(* Let $(P,\mathit{dist})$ be a finite metric space of doubling dimension $d$, let $\delta$ be the closest-pair distance of $P$, let $S\subseteq P$ with $n=|S|\ge 2$, and let $\delta_0$ be the output of Algorithm $\mathrm{ClosestPair}(S,n,d)$ (for any outcome of its random choices). Then (1) $\delta_0\ge\delta$, and (2) if $\delta(S)=\delta$, then $\delta_0=\delta$.
   Context: For $X\subseteq P$, $p\in P$ and reals $R'\ge R\ge 0$: $\mathit{ball}_X(p,R)=\{x\in X:\mathit{dist}(p,x)\le R\}$ and $\mathit{annulus}_X(p,R,R')=\{x\in X: R<\mathit{dist}(p,x)\le R'\}$. For $X\subseteq P$, $\delta(X)=\infty$ if $|X|\le1$ and $\delta(X)=\min\{\mathit{dist}(x,y):x,y\in X,x\ne y\}$ otherwise; $\delta=\delta(P)$. The doubling dimension of $(P,\mathit{dist})$ is $\log_2\lambda$, where $\lambda$ is the smallest integer such that for every $p\in P$ and real $R>0$, $\mathit{ball}_P(p,R)$ is covered by at most $\lambda$ balls $\mathit{ball}_P(q,R/2)$ with $q\in P$; throughout, $d$ denotes the doubling dimension of the whole space $P$. Algorithm $\mathrm{SepAnn}(S,n,d,\mu,c)$: repeat: choose $p$ uniformly at random from $S$; let $R_p=\min\{r>0:|\mathit{ball}_S(p,r)|\ge n/c\}$; until $|\mathit{ball}_S(p,\mu R_p)|\le n/2$; return $p$ and $R'=R_p$. Algorithm $\mathrm{SparseSepAnn}(S,n,d,t)$: set $c=2(4e)^d$; let $(p,R')$ be the output of $\mathrm{SepAnn}(S,n,d,e,c)$; let $R_i=(1+1/t)^iR'$ ($0\le i\le t$) and $A_i=\mathit{annulus}_S(p,R_{i-1},R_i)$ ($1\le i\le t$); repeat: choose $i$ uniformly at random from $\{1,\dots,t\}$; until $|A_i|\le n/t$; return $p$ and $R=R_{i-1}$. Algorithm $\mathrm{ClosestPair}(S,n,d)$ (for $S\subseteq P$, $n=|S|\ge2$): if $n<2(16e)^d$, compute $\delta_0=\delta(S)$ by brute force. Otherwise: set $t=\lfloor \frac{1}{16e}(n/2)^{1/d}\rfloor$; let $(p,R)$ be the output of $\mathrm{SparseSepAnn}(S,n,d,t)$; let $S_1=\mathit{ball}_S(p,R)$, $S_2=\mathit{annulus}_S(p,R,(1+1/t)R)$, $S_3=S\setminus(S_1\cup S_2)$; compute $\delta'=\mathrm{ClosestPair}(S_1\cup S_2,|S_1\cup S_2|,d)$ and $\delta''=\mathrm{ClosestPair}(S_2\cup S_3,|S_2\cup S_3|,d)$; set $\delta_0=\min(\delta',\delta'')$. Return $\delta_0$. *)

theory Defs
  imports Complex_Main "HOL-Library.Extended_Real"
begin

definition metric_on :: "'a set \<Rightarrow> ('a \<Rightarrow> 'a \<Rightarrow> real) \<Rightarrow> bool" where
  "metric_on P dst \<longleftrightarrow>
     (\<forall>x\<in>P. \<forall>y\<in>P. dst x y \<ge> 0 \<and> (dst x y = 0 \<longleftrightarrow> x = y) \<and> dst x y = dst y x) \<and>
     (\<forall>x\<in>P. \<forall>y\<in>P. \<forall>z\<in>P. dst x z \<le> dst x y + dst y z)"
lemma discrete_subgroup_nbhds:
  fixes K :: "'g::topological_group_add set"
  assumes "is_subgroup K" and "discrete_subset K"
  obtains W where "\<And>z. open (W z)" and "\<And>z. z \<in> W z"
    and "\<And>z w1 w2. w1 \<in> W z \<Longrightarrow> w2 \<in> W z \<Longrightarrow> w2 + - w1 \<in> K \<Longrightarrow> w1 = w2"
proof -
  have "0 \<in> K" using assms(1) unfolding is_subgroup_def by simp
  then obtain U where U: "open U" "U \<inter> K = {0}"
    using assms(2) unfolding discrete_subset_def by blast
  have "0 \<in> U" using U(2) by blast
  define good where "good z W \<longleftrightarrow> open W \<and> z \<in> W \<and> (\<forall>w1\<in>W. \<forall>w2\<in>W. w2 + - w1 \<in> U)" for z W
  have "\<exists>W. good z W" for z
    unfolding good_def by (rule open_nbhd_differences_subset[OF U(1) \<open>0 \<in> U\<close>])
  then obtain W where W: "\<And>z. good z (W z)" by metis
  show ?thesis
  proof (rule that)
    show "open (W z)" "z \<in> W z" for z using W[of z] unfolding good_def by blast+
    fix z w1 w2 assume "w1 \<in> W z" "w2 \<in> W z" "w2 + - w1 \<in> K"
    then have "w2 + - w1 = 0" using W[of z] U(2) unfolding good_def by blast
    then show "w1 = w2" by (simp add: add_eq_0_iff)
  qed
qed

lemma countable_discrete_subgroup:
  fixes K :: "'g::topological_group_add set"
  assumes "sigma_compact_type TYPE('g)" and K: "is_subgroup K" "discrete_subset K"
  shows "countable K"
proof -
  obtain W where W: "\<And>z. open (W z)" "\<And>z. z \<in> W z"
    and W_K: "\<And>z w1 w2. w1 \<in> W z \<Longrightarrow> w2 \<in> W z \<Longrightarrow> w2 + - w1 \<in> K \<Longrightarrow> w1 = w2"
    using discrete_subgroup_nbhds[OF K] by blast
  obtain Z where "countable Z" and Z: "(\<Union>z\<in>Z. W z) = UNIV"
    using sigma_compact_countable_subcover[OF assms(1) W] by blast
  have "finite (K \<inter> W z)" for z
  proof (cases "K \<inter> W z = {}")
    case False
    then obtain k where k: "k \<in> K \<inter> W z" by blast
    have "k' = k" if "k' \<in> K \<inter> W z" for k'
      using W_K[of k z k'] K(1) k that unfolding is_subgroup_def by blast
    then have "K \<inter> W z \<subseteq> {k}" by blast
    then show ?thesis by (rule finite_subset) simp
  qed simp
  then have "countable (\<Union>z\<in>Z. K \<inter> W z)"
    using \<open>countable Z\<close> by (intro countable_UN) (auto intro: countable_finite)
  moreover have "K = (\<Union>z\<in>Z. K \<inter> W z)" using Z by blast
  ultimately show ?thesis by simp
qed

text \<open>If the translates \<open>e i + W\<close> are pairwise disjoint, integrating \<open>\<Sum>i. h (e i + x)\<close> over
  \<open>W\<close> gives at most \<open>\<integral>h\<close>.\<close>

lemma AE_suminf_translates_finite:
  fixes \<mu> :: "'g::{topological_group_add,t2_space} measure" and h :: "'g \<Rightarrow> ennreal"
  assumes H: "left_haar_measure \<mu>" and W: "W \<in> sets borel"
    and disjoint: "\<And>i j x y. x \<in> W \<Longrightarrow> y \<in> W \<Longrightarrow> e i + x = e j + y \<Longrightarrow> i = j"
    and h: "h \<in> borel_measurable \<mu>" and h_finite: "(\<integral>\<^sup>+x. h x \<partial>\<mu>) < \<infinity>"
  shows "AE x in \<mu>. x \<in> W \<longrightarrow> (\<Sum>i. h (e i + x)) < \<infinity>"
proof -
  define A where "A i = (\<lambda>y. - e i + y) -` W" for i
  have [measurable]: "h \<in> borel_measurable \<mu>" "W \<in> sets \<mu>" using h W left_haar_sets[OF H] by auto
  have [measurable]: "(\<lambda>x. h (e i + x)) \<in> borel_measurable \<mu>" for i
    using measurable_comp[OF measurable_left_translate[OF H] h] by (simp add: o_def)
  have [measurable]: "A i \<in> sets \<mu>" for i
    using measurable_sets[OF measurable_left_translate[OF H] \<open>W \<in> sets \<mu>\<close>, of "- e i"]
    unfolding A_def by (simp add: left_haar_space[OF H])
  have "disjoint_family A"
    unfolding disjoint_family_on_def A_def
    using disjoint by (auto simp: add.assoc[symmetric])
  have translate: "(\<integral>\<^sup>+x. h (e i + x) * indicator W x \<partial>\<mu>) = (\<integral>\<^sup>+y. h y * indicator (A i) y \<partial>\<mu>)" for i
  proof -
    have "indicator (A i) (e i + x) = (indicator W x :: ennreal)" for x
      unfolding A_def by (simp add: add.assoc[symmetric] indicator_def)
    then show ?thesis
      using left_haar_nn_integral_translate[OF H, of "\<lambda>y. h y * indicator (A i) y" "e i"] by simp
  qed
  have "(\<integral>\<^sup>+x. (\<Sum>i. h (e i + x) * indicator W x) \<partial>\<mu>) = (\<Sum>i. \<integral>\<^sup>+x. h (e i + x) * indicator W x \<partial>\<mu>)"
    by (rule nn_integral_suminf) measurable
  also have "\<dots> = (\<Sum>i. \<integral>\<^sup>+y. h y * indicator (A i) y \<partial>\<mu>)" by (simp only: translate)
  also have "\<dots> = (\<integral>\<^sup>+y. (\<Sum>i. h y * indicator (A i) y) \<partial>\<mu>)"
    by (rule nn_integral_suminf[symmetric]) measurable
  also have "\<dots> = (\<integral>\<^sup>+y. h y * indicator (\<Union>i. A i) y \<partial>\<mu>)"
    by (simp only: ennreal_suminf_cmult suminf_indicator[OF \<open>disjoint_family A\<close>])
  also have "\<dots> \<le> (\<integral>\<^sup>+y. h y \<partial>\<mu>)"
    by (intro nn_integral_mono) (simp add: indicator_def)
  finally have "(\<integral>\<^sup>+x. (\<Sum>i. h (e i + x) * indicator W x) \<partial>\<mu>) \<noteq> \<infinity>"
    using h_finite by (auto simp: top_unique)
  then have "AE x in \<mu>. (\<Sum>i. h (e i + x) * indicator W x) \<noteq> \<infinity>"
    by (rule nn_integral_PInf_AE[rotated]) measurable
  then show ?thesis by eventually_elim (auto simp: indicator_def less_top)
qed

lemma AE_square_summable_on_translates:
  fixes \<mu> :: "'g::{topological_group_add,t2_space} measure" and f :: "'g \<Rightarrow> complex"
  assumes sc: "sigma_compact_type TYPE('g)" and H: "left_haar_measure \<mu>"
    and K: "is_subgroup K" "discrete_subset K"
    and f: "f \<in> borel_measurable \<mu>" and f_sq: "integrable \<mu> (\<lambda>x. (cmod (f x))\<^sup>2)"
  shows "AE x in \<mu>. (\<lambda>y. (cmod (f (y + x)))\<^sup>2) summable_on K"
proof (cases "finite K")
  case False
  define e where "e = from_nat_into K"
  have "bij_betw e UNIV K"
    unfolding e_def using countable_discrete_subgroup[OF sc K] False by (rule bij_betw_from_nat_into)
  then have e_inj: "inj e" and e_range: "range e = K" by (auto simp: bij_betw_def)
  obtain W where W: "\<And>z. open (W z)" "\<And>z. z \<in> W z"
    and W_K: "\<And>z w1 w2. w1 \<in> W z \<Longrightarrow> w2 \<in> W z \<Longrightarrow> w2 + - w1 \<in> K \<Longrightarrow> w1 = w2"
    using discrete_subgroup_nbhds[OF K] by blast
  obtain Z where "countable Z" and Z: "(\<Union>z\<in>Z. W z) = UNIV"
    using sigma_compact_countable_subcover[OF sc W] by blast
  have "e i = e j" if "x \<in> W z" "y \<in> W z" "e i + x = e j + y" for i j x y z
  proof -
    have "y + - x = - e j + (e i + x) + - x" using that(3) by (simp add: add.assoc)
    also have "\<dots> = - e j + e i" by (simp only: add.assoc right_minus add_0_right)
    also have "\<dots> \<in> K" using K(1) e_range unfolding is_subgroup_def by blast
    finally have "x = y" using W_K that(1,2) by blast
    then show ?thesis using that(3) by simp
  qed
  then have disjoint: "\<And>z i j x y. x \<in> W z \<Longrightarrow> y \<in> W z \<Longrightarrow> e i + x = e j + y \<Longrightarrow> i = j"
    using e_inj by (blast dest: injD)
  have "(\<integral>\<^sup>+x. ennreal ((cmod (f x))\<^sup>2) \<partial>\<mu>) < \<infinity>"
    using integrableD(2)[OF f_sq] by (simp add: less_top)
  then have "AE x in \<mu>. x \<in> W z \<longrightarrow> (\<Sum>i. ennreal ((cmod (f (e i + x)))\<^sup>2)) < \<infinity>" for z
    using W(1) f by (intro AE_suminf_translates_finite[OF H _ disjoint]) auto
  then have "AE x in \<mu>. \<forall>z\<in>Z. x \<in> W z \<longrightarrow> (\<Sum>i. ennreal ((cmod (f (e i + x)))\<^sup>2)) < \<infinity>"
    by (subst AE_ball_countable[OF \<open>countable Z\<close>]) blast
  then show ?thesis
  proof eventually_elim
    case (elim x)
    obtain z where "z \<in> Z" "x \<in> W z" using Z by blast
    then have "(\<Sum>i. ennreal ((cmod (f (e i + x)))\<^sup>2)) \<noteq> \<infinity>" using elim by auto
    then have "summable (\<lambda>i. (cmod (f (e i + x)))\<^sup>2)" by (intro summable_suminf_not_top) auto
    then have "((\<lambda>y. (cmod (f (y + x)))\<^sup>2) \<circ> e) summable_on UNIV"
      by (simp add: o_def summable_on_UNIV_nonneg_real_iff)
    then show ?case using summable_on_reindex[OF e_inj] e_range by metis
  qed
qed simp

ACTION ITEM :: Write out each line above with the word "False".

OUTPUT FOR THIS EXERCISE ::
    case False
  case False
    unfolding e_def using countable_discrete_subgroup[OF sc K] False by (rule bij_betw_from_nat_into)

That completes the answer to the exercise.